lemma test_channel_coupling_optimal:
  fixes X U Z :: "'a \<Rightarrow> 'i::finite \<Rightarrow> real" and lam \<alpha> :: "'i \<Rightarrow> real"
  assumes "prob_space M"
    and lam_pos: "\<And>i. lam i > 0"
    and "\<theta> \<ge> 0"
    and X_meas[measurable]: "X \<in> measurable M vec_space"
    and U_meas[measurable]: "U \<in> measurable M vec_space"
    and X_law: "distr M vec_space X = gauss_diag lam"
    and "distr M vec_space U = gauss_diag (\<lambda>_. 1)"
    and "prob_space.indep_var M vec_space X vec_space U"
    and \<alpha>_def: "\<alpha> = (\<lambda>i. (sqrt ((lam i)\<^sup>2 + \<theta>\<^sup>2) - \<theta>) / lam i)"
    and Z_def: "Z = (\<lambda>\<omega>. (\<lambda>i. \<alpha> i * X \<omega> i + sqrt (1 - (\<alpha> i)\<^sup>2) * sqrt (lam i) * U \<omega> i))"
  defines "J\<^sub>Z \<equiv> distr M (vec_space \<Otimes>\<^sub>M vec_space) (\<lambda>\<omega>. (X \<omega>, Z \<omega>))"
  shows "J\<^sub>Z \<in> couplings (gauss_diag lam) \<and> (\<forall>J \<in> couplings (gauss_diag lam).
           sq_distortion J \<le> sq_distortion J\<^sub>Z \<longrightarrow>
           mutual_info_joint vec_space vec_space J\<^sub>Z \<le> mutual_info_joint vec_space vec_space J)"
proof (cases "\<theta> = 0")
  case True
  interpret prob_space M by fact
  have "\<alpha> i = 1" for i using True lam_pos[of i] by (simp add: \<alpha>_def)
  then have "Z = X" by (simp add: Z_def)
  then have "J\<^sub>Z \<in> couplings (gauss_diag lam)" "sq_distortion J\<^sub>Z \<le> 0"
    using X_law by (auto intro!: prob_space_distr simp: J\<^sub>Z_def couplings_def distr_distr comp_def
        sq_distortion_def nn_integral_distr)
  then show ?thesis using mutual_info_joint_zero_distortion[of lam, OF lam_pos] by auto
next
  case False
  with \<open>\<theta> \<ge> 0\<close> have "\<theta> > 0" by simp
  then have \<alpha>_bound: "\<bar>\<alpha> i\<bar> < 1" and \<alpha>_slope: "\<alpha> i / (2 * (1 - (\<alpha> i)\<^sup>2) * lam i) = 1 / (4 * \<theta>)" for i
    using reverse_waterfilling_coefficient[OF lam_pos[of i]] by (simp_all add: \<alpha>_def)
  have "J\<^sub>Z = channel_coupling lam \<alpha>"
    unfolding J\<^sub>Z_def Z_def by (rule distr_test_channel[where lam=lam and \<rho>=\<alpha>]) (use assms \<alpha>_bound in auto)
  then show ?thesis
    using channel_coupling_in_couplings[where lam=lam and \<rho>=\<alpha>, OF lam_pos \<alpha>_bound] \<open>\<theta> > 0\<close>
      channel_coupling_minimises_mutual_info[where lam=lam and \<rho>=\<alpha>, OF lam_pos \<alpha>_bound \<alpha>_slope]
    by simp
qed

theorem mainTheorem3:
  fixes M :: "'a measure"
    and X U :: "'a \<Rightarrow> ('i::finite \<Rightarrow> real)"
    and lam :: "'i \<Rightarrow> real"
    and \<theta> :: real
  assumes "prob_space M"
    and lam_pos: "\<And>i. lam i > 0"
    and "\<theta> \<ge> 0"
    and X_meas: "X \<in> measurable M vec_space"
    and U_meas: "U \<in> measurable M vec_space"
    and X_law: "distr M vec_space X = gauss_diag lam"
    and U_law: "distr M vec_space U = gauss_diag (\<lambda>_. 1)"
    and indep: "prob_space.indep_var M vec_space X vec_space U"
  shows
    "let \<alpha> = (\<lambda>i. (sqrt ((lam i)\<^sup>2 + \<theta>\<^sup>2) - \<theta>) / lam i);
         Z = (\<lambda>\<omega>. (\<lambda>i. \<alpha> i * X \<omega> i + sqrt (1 - (\<alpha> i)\<^sup>2) * sqrt (lam i) * U \<omega> i));
         Xhat = Z;
         D = (\<integral>\<^sup>+ \<omega>. ennreal (\<Sum>i\<in>UNIV. (X \<omega> i - Xhat \<omega> i)\<^sup>2) \<partial>M);
         PX = distr M vec_space X
     in distr M vec_space Xhat = PX \<and>
        mutual_info_joint vec_space vec_space
            (distr M (vec_space \<Otimes>\<^sub>M vec_space) (\<lambda>\<omega>. (X \<omega>, Xhat \<omega>)))
        = (\<Sqinter>J \<in> {J. sets J = sets (vec_space \<Otimes>\<^sub>M vec_space) \<and> prob_space J
                      \<and> distr J vec_space fst = PX \<and> distr J vec_space snd = PX
                      \<and> sq_distortion J \<le> D}.
             mutual_info_joint vec_space vec_space J)"
proof -
  interpret prob_space M by fact
  note [measurable] = X_meas U_meas
  define \<alpha> where "\<alpha> = (\<lambda>i. (sqrt ((lam i)\<^sup>2 + \<theta>\<^sup>2) - \<theta>) / lam i)"
  define Z where "Z = (\<lambda>\<omega>. (\<lambda>i. \<alpha> i * X \<omega> i + sqrt (1 - (\<alpha> i)\<^sup>2) * sqrt (lam i) * U \<omega> i))"
  let ?J = "distr M (vec_space \<Otimes>\<^sub>M vec_space) (\<lambda>\<omega>. (X \<omega>, Z \<omega>))"
  let ?I = "mutual_info_joint vec_space vec_space"
  note optimal = test_channel_coupling_optimal[OF assms \<alpha>_def Z_def]
  have [measurable]: "Z \<in> measurable M vec_space"
    unfolding Z_def by (intro measurable_PiM_single') auto
  have "distr M vec_space Z = distr ?J vec_space snd"
    by (simp add: distr_distr comp_def)
  then have Z_law: "distr M vec_space Z = gauss_diag lam"
    using optimal by (simp add: couplings_def)
  have "(\<integral>\<^sup>+ \<omega>. ennreal (\<Sum>i\<in>UNIV. (X \<omega> i - Z \<omega> i)\<^sup>2) \<partial>M) = sq_distortion ?J"
    unfolding sq_distortion_def by (simp add: nn_integral_distr)
  moreover have "?I ?J = (\<Sqinter>J \<in> {J \<in> couplings (gauss_diag lam). sq_distortion J \<le> sq_distortion ?J}. ?I J)"
    using optimal by (intro antisym INF_greatest INF_lower) auto
  ultimately have "distr M vec_space Z = distr M vec_space X \<and>
      ?I ?J = (\<Sqinter>J \<in> {J. sets J = sets (vec_space \<Otimes>\<^sub>M vec_space) \<and> prob_space J
                \<and> distr J vec_space fst = distr M vec_space X \<and> distr J vec_space snd = distr M vec_space X
                \<and> sq_distortion J \<le> (\<integral>\<^sup>+ \<omega>. ennreal (\<Sum>i\<in>UNIV. (X \<omega> i - Z \<omega> i)\<^sup>2) \<partial>M)}. ?I J)"
    using Z_law X_law by (simp add: couplings_def conj_assoc)
  then show ?thesis unfolding Let_def by (simp only: Z_def \<alpha>_def)
qed

end
lemma tm_partial_prod_nth:
  "fps_nth (\<Prod>k<N. 1 + fps_const \<i> * fps_X ^ 2 ^ k) m = (if m < 2 ^ N then tm m else 0)"
proof (induction N arbitrary: m)
  case 0
  then show ?case by simp
next
  case (Suc N)
  define P where "P = (\<Prod>k<N. 1 + fps_const \<i> * fps_X ^ 2 ^ k)"
  have "(\<Prod>k<Suc N. 1 + fps_const \<i> * fps_X ^ 2 ^ k) = P + fps_const \<i> * (P * fps_X ^ 2 ^ N)"
    by (simp add: P_def algebra_simps)
  then have "fps_nth (\<Prod>k<Suc N. 1 + fps_const \<i> * fps_X ^ 2 ^ k) m
      = fps_nth P m + \<i> * (if m < 2 ^ N then 0 else fps_nth P (m - 2 ^ N))"
    by (simp add: fps_X_power_mult_right_nth)
  then show ?case
    using Suc.IH[folded P_def] tm_pow2_add[of "m - 2 ^ N" N] by auto
qed

lemma tm_prod_eq: "tm_prod = Abs_fps tm"
proof -
  have "(\<lambda>N. \<Prod>k<N. 1 + fps_const \<i> * fps_X ^ 2 ^ k) \<longlonglongrightarrow> Abs_fps tm"
  proof (rule tendsto_fpsI)
    fix m :: nat
    have "eventually (\<lambda>N. m < 2 ^ N) sequentially"
      by (rule eventually_sequentiallyI[where c = m])
        (meson less_exp less_le_trans one_le_numeral power_increasing)
    then show "eventually (\<lambda>N. fps_nth (\<Prod>k<N. 1 + fps_const \<i> * fps_X ^ 2 ^ k) m
        = fps_nth (Abs_fps tm) m) sequentially"
      by eventually_elim (simp add: tm_partial_prod_nth)
  qed
  then show ?thesis
    unfolding tm_prod_def by (rule limI)
qed

lemma beta_Suc: "beta (Suc k) = (tm k + tm (Suc k)) / (1 + \<i>)"
proof -
  have beta_fps_eq: "beta_fps = fps_const (1 / (1 + \<i>)) * (Abs_fps tm + fps_X * Abs_fps tm)"
    unfolding beta_fps_def tm_prod_eq by (simp add: algebra_simps)
  have "beta (Suc k) = 1 / (1 + \<i>) * (tm (Suc k) + tm k)"
    unfolding beta_def beta_fps_eq
    by (simp only: fps_mult_left_const_nth fps_add_nth fps_X_mult_nth) simp
  then show ?thesis
    by (simp add: add.commute)
qed

definition hankel_mat :: "nat \<Rightarrow> nat \<Rightarrow> (nat \<Rightarrow> 'a) \<Rightarrow> 'a mat" where
  "hankel_mat r c s = mat r c (\<lambda>(i, j). s (i + j))"

lemma hankel_mat_carrier [simp]: "hankel_mat r c s \<in> carrier_mat r c"
  by (simp add: hankel_mat_def)

lemma dim_hankel_mat [simp]:
  "dim_row (hankel_mat r c s) = r" "dim_col (hankel_mat r c s) = c"
  by (simp_all add: hankel_mat_def)

lemma index_hankel_mat [simp]: "i < r \<Longrightarrow> j < c \<Longrightarrow> hankel_mat r c s $$ (i, j) = s (i + j)"
  by (simp add: hankel_mat_def)

lemma smult_hankel_mat: "x \<cdot>\<^sub>m hankel_mat r c s = hankel_mat r c (\<lambda>j. x * s j)"
  by (rule eq_matI) auto

lemma add_hankel_mat: "hankel_mat r c s + hankel_mat r c s' = hankel_mat r c (\<lambda>j. s j + s' j)"
  by (rule eq_matI) auto

lemma hankel_mat_mult_smult_one:
  fixes s :: "nat \<Rightarrow> 'a :: comm_ring_1"
  shows "hankel_mat r c s * (x \<cdot>\<^sub>m 1\<^sub>m c) = hankel_mat r c (\<lambda>j. x * s j)"
  by (subst mult_smult_distrib[of _ r c _ c]) (auto simp: smult_hankel_mat)

lemma smult_one_mult_hankel_mat:
  fixes s :: "nat \<Rightarrow> 'a :: comm_ring_1"
  shows "(x \<cdot>\<^sub>m 1\<^sub>m r) * hankel_mat r c s = hankel_mat r c (\<lambda>j. x * s j)"
  by (subst mult_smult_assoc_mat[of _ r r _ c]) (auto simp: smult_hankel_mat)

lemma det_hankel_mat_smult:
  "det (hankel_mat n n (\<lambda>j. x * s j)) = x ^ n * det (hankel_mat n n s)"
  by (simp flip: smult_hankel_mat)

lemma det_four_block_mat_col_op_right:
  fixes A :: "'a :: idom mat"
  assumes A: "A \<in> carrier_mat n n" and B: "B \<in> carrier_mat n m"
    and C: "C \<in> carrier_mat m n" and D: "D \<in> carrier_mat m m" and X: "X \<in> carrier_mat n m"
  shows "det (four_block_mat A B C D) = det (four_block_mat A (A * X + B) C (C * X + D))"
proof -
  let ?R = "four_block_mat (1\<^sub>m n) X (0\<^sub>m m n) (1\<^sub>m m)"
  have "det ?R = 1"
    using X by (subst det_four_block_mat_lower_left_zero[of _ n _ m]) auto
  moreover have "four_block_mat A B C D * ?R = four_block_mat A (A * X + B) C (C * X + D)"
    using A B C D X by (subst mult_four_block_mat[OF A B C D]) auto
  ultimately show ?thesis
    using det_mult[of "four_block_mat A B C D" "n + m" ?R] A B C D X by auto
qed

lemma det_four_block_mat_col_op_left:
  fixes A :: "'a :: idom mat"
  assumes A: "A \<in> carrier_mat n n" and B: "B \<in> carrier_mat n m"
    and C: "C \<in> carrier_mat m n" and D: "D \<in> carrier_mat m m" and Y: "Y \<in> carrier_mat m n"
  shows "det (four_block_mat A B C D) = det (four_block_mat (A + B * Y) B (C + D * Y) D)"
proof -
  let ?R = "four_block_mat (1\<^sub>m n) (0\<^sub>m n m) Y (1\<^sub>m m)"
  have "det ?R = 1"
    using Y by (subst det_four_block_mat_upper_right_zero[of _ n _ m]) auto
  moreover have "four_block_mat A B C D * ?R = four_block_mat (A + B * Y) B (C + D * Y) D"
    using A B C D Y by (subst mult_four_block_mat[OF A B C D]) auto
  ultimately show ?thesis
    using det_mult[of "four_block_mat A B C D" "n + m" ?R] A B C D Y by auto
qed

lemma det_four_block_mat_row_op_lower:
  fixes A :: "'a :: idom mat"
  assumes A: "A \<in> carrier_mat n n" and B: "B \<in> carrier_mat n m"
    and C: "C \<in> carrier_mat m n" and D: "D \<in> carrier_mat m m" and Y: "Y \<in> carrier_mat m n"
  shows "det (four_block_mat A B C D) = det (four_block_mat A B (Y * A + C) (Y * B + D))"
proof -
  let ?L = "four_block_mat (1\<^sub>m n) (0\<^sub>m n m) Y (1\<^sub>m m)"
  have "det ?L = 1"
    using Y by (subst det_four_block_mat_upper_right_zero[of _ n _ m]) auto
  moreover have "?L * four_block_mat A B C D = four_block_mat A B (Y * A + C) (Y * B + D)"
    using A B C D Y by (subst mult_four_block_mat) auto
  ultimately show ?thesis
    using det_mult[of ?L "n + m" "four_block_mat A B C D"] A B C D Y by auto
qed

lemma det_four_block_hankel_col_op_right:
  fixes a :: "nat \<Rightarrow> 'a :: idom"
  assumes "\<And>j. b' j = b j + x * a j" and "\<And>j. d' j = d j + x * c j"
  shows "det (four_block_mat (hankel_mat N N a) (hankel_mat N N b) (hankel_mat N N c) (hankel_mat N N d))
    = det (four_block_mat (hankel_mat N N a) (hankel_mat N N b') (hankel_mat N N c) (hankel_mat N N d'))"
proof -
  have "b' = (\<lambda>j. x * a j + b j)" and "d' = (\<lambda>j. x * c j + d j)"
    using assms by (simp_all add: fun_eq_iff add.commute)
  then show ?thesis
    by (subst det_four_block_mat_col_op_right[where X = "x \<cdot>\<^sub>m 1\<^sub>m N"])
      (auto simp: hankel_mat_mult_smult_one add_hankel_mat)
qed

lemma det_four_block_hankel_col_op_left:
  fixes a :: "nat \<Rightarrow> 'a :: idom"
  assumes "\<And>j. a' j = a j + x * b j" and "\<And>j. c' j = c j + x * d j"
  shows "det (four_block_mat (hankel_mat N N a) (hankel_mat N N b) (hankel_mat N N c) (hankel_mat N N d))
    = det (four_block_mat (hankel_mat N N a') (hankel_mat N N b) (hankel_mat N N c') (hankel_mat N N d))"
proof -
  have "a' = (\<lambda>j. a j + x * b j)" and "c' = (\<lambda>j. c j + x * d j)"
    using assms by (simp_all add: fun_eq_iff)
  then show ?thesis
    by (subst det_four_block_mat_col_op_left[where Y = "x \<cdot>\<^sub>m 1\<^sub>m N"])
      (auto simp: hankel_mat_mult_smult_one add_hankel_mat)
qed
fun subst :: "(nat \<Rightarrow> 'f trm) \<Rightarrow> 'f trm \<Rightarrow> 'f trm" where
  "subst \<sigma> (Nm n) = Nm n"
| "subst \<sigma> (Var x) = \<sigma> x"
| "subst \<sigma> (Pub M) = Pub (subst \<sigma> M)"
| "subst \<sigma> (Sign M N) = Sign (subst \<sigma> M) (subst \<sigma> N)"
| "subst \<sigma> (Blind M N) = Blind (subst \<sigma> M) (subst \<sigma> N)"
| "subst \<sigma> (Pair M N) = Pair (subst \<sigma> M) (subst \<sigma> N)"
| "subst \<sigma> (Enc M N) = Enc (subst \<sigma> M) (subst \<sigma> N)"
| "subst \<sigma> (Fn g Ms) = Fn g (map (subst \<sigma>) Ms)"

fun subterms :: "'f trm \<Rightarrow> 'f trm set" where
  "subterms (Nm n) = {Nm n}"
| "subterms (Var x) = {Var x}"
| "subterms (Pub M) = insert (Pub M) (subterms M)"
| "subterms (Sign M N) = insert (Sign M N) (subterms M \<union> subterms N)"
| "subterms (Blind M N) = insert (Blind M N) (subterms M \<union> subterms N)"
| "subterms (Pair M N) = insert (Pair M N) (subterms M \<union> subterms N)"
| "subterms (Enc M N) = insert (Enc M N) (subterms M \<union> subterms N)"
| "subterms (Fn g Ms) = insert (Fn g Ms) (\<Union> (subterms ` set Ms))"

fun guarded :: "'f trm \<Rightarrow> bool" where
  "guarded (Fn g Ms) = False"
| "guarded _ = True"

inductive ctx_cl :: "('f trm \<Rightarrow> 'f trm \<Rightarrow> bool) \<Rightarrow> 'f trm \<Rightarrow> 'f trm \<Rightarrow> bool"
  for r where
  root: "r s t \<Longrightarrow> ctx_cl r s t"
| pub: "ctx_cl r s t \<Longrightarrow> ctx_cl r (Pub s) (Pub t)"
| sign1: "ctx_cl r s t \<Longrightarrow> ctx_cl r (Sign s u) (Sign t u)"
| sign2: "ctx_cl r s t \<Longrightarrow> ctx_cl r (Sign u s) (Sign u t)"
| blind1: "ctx_cl r s t \<Longrightarrow> ctx_cl r (Blind s u) (Blind t u)"
| blind2: "ctx_cl r s t \<Longrightarrow> ctx_cl r (Blind u s) (Blind u t)"
| pair1: "ctx_cl r s t \<Longrightarrow> ctx_cl r (Pair s u) (Pair t u)"
| pair2: "ctx_cl r s t \<Longrightarrow> ctx_cl r (Pair u s) (Pair u t)"
| enc1: "ctx_cl r s t \<Longrightarrow> ctx_cl r (Enc s u) (Enc t u)"
| enc2: "ctx_cl r s t \<Longrightarrow> ctx_cl r (Enc u s) (Enc u t)"
| fn: "ctx_cl r s t \<Longrightarrow> i < length Ms \<Longrightarrow> ctx_cl r (Fn g (Ms[i := s])) (Fn g (Ms[i := t]))"

text \<open>Root instances of the associativity and commutativity axioms of the (optional)
  AC symbol; oplus = None means there is no AC symbol.\<close>
fun ac_root :: "'f option \<Rightarrow> 'f trm \<Rightarrow> 'f trm \<Rightarrow> bool" where
  "ac_root None s t = False"
| "ac_root (Some f) s t =
     (\<exists>x y z. (s = Fn f [x, Fn f [y, z]] \<and> t = Fn f [Fn f [x, y], z])
            \<or> (s = Fn f [Fn f [x, y], z] \<and> t = Fn f [x, Fn f [y, z]])
            \<or> (s = Fn f [x, y] \<and> t = Fn f [y, x]))"

definition ac_eq :: "'f option \<Rightarrow> 'f trm \<Rightarrow> 'f trm \<Rightarrow> bool" where
  "ac_eq oplus = (ctx_cl (ac_root oplus))\<^sup>*\<^sup>*"

definition rstep :: "('f trm \<times> 'f trm) set \<Rightarrow> 'f trm \<Rightarrow> 'f trm \<Rightarrow> bool" where
  "rstep RE = ctx_cl (\<lambda>s t. \<exists>(l, r)\<in>RE. \<exists>\<sigma>. s = subst \<sigma> l \<and> t = subst \<sigma> r)"

definition rstep_ac :: "'f option \<Rightarrow> ('f trm \<times> 'f trm) set \<Rightarrow> 'f trm \<Rightarrow> 'f trm \<Rightarrow> bool" where
  "rstep_ac oplus RE s t \<longleftrightarrow> (\<exists>s' t'. ac_eq oplus s s' \<and> rstep RE s' t' \<and> ac_eq oplus t' t)"

text \<open>Equality modulo E: E is presented by RE together with AC of oplus, i.e. =_E is the
  conversion (equivalence) generated by RE-steps and AC-steps.\<close>
definition approxE :: "'f option \<Rightarrow> ('f trm \<times> 'f trm) set \<Rightarrow> 'f trm \<Rightarrow> 'f trm \<Rightarrow> bool" where
  "approxE oplus RE =
     (\<lambda>s t. rstep RE s t \<or> rstep RE t s \<or> ctx_cl (ac_root oplus) s t)\<^sup>*\<^sup>*"

definition normal :: "'f option \<Rightarrow> ('f trm \<times> 'f trm) set \<Rightarrow> 'f trm \<Rightarrow> bool" where
  "normal oplus RE t \<longleftrightarrow> \<not> (\<exists>u. rstep_ac oplus RE t u)"

text \<open>The normal form \<down>M (some chosen representative of the AC-class of normal forms).\<close>
definition nf :: "'f option \<Rightarrow> ('f trm \<times> 'f trm) set \<Rightarrow> 'f trm \<Rightarrow> 'f trm" where
  "nf oplus RE M = (SOME N. (rstep_ac oplus RE)\<^sup>*\<^sup>* M N \<and> normal oplus RE N)"

definition E_theory :: "('f \<Rightarrow> nat) \<Rightarrow> 'f option \<Rightarrow> ('f trm \<times> 'f trm) set \<Rightarrow> bool" where
  "E_theory ar oplus RE \<longleftrightarrow>
     (\<forall>f. oplus = Some f \<longrightarrow> ar f = 2)
   \<and> (\<forall>(l, r)\<in>RE. eterm l \<and> eterm r \<and> wf_trm ar l \<and> wf_trm ar r
                   \<and> (\<forall>x. l \<noteq> Var x) \<and> vars r \<subseteq> vars l)
   \<and> wfP (\<lambda>t s. rstep_ac oplus RE s t)
   \<and> (\<forall>s t. approxE oplus RE s t \<longrightarrow>
        (\<exists>s' t'. (rstep_ac oplus RE)\<^sup>*\<^sup>* s s' \<and> (rstep_ac oplus RE)\<^sup>*\<^sup>* t t'
                \<and> ac_eq oplus s' t'))"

+++++

TASK GOAL: Which of the lines above contain "assms"? Return them all.

EXERCISE OUTPUT:
    unfolding J\<^sub>Z_def Z_def by (rule distr_test_channel[where lam=lam and \<rho>=\<alpha>]) (use assms \<alpha>_bound in auto)
  note optimal = test_channel_coupling_optimal[OF assms \<alpha>_def Z_def]
    using assms by (simp_all add: fun_eq_iff add.commute)
    using assms by (simp_all add: fun_eq_iff)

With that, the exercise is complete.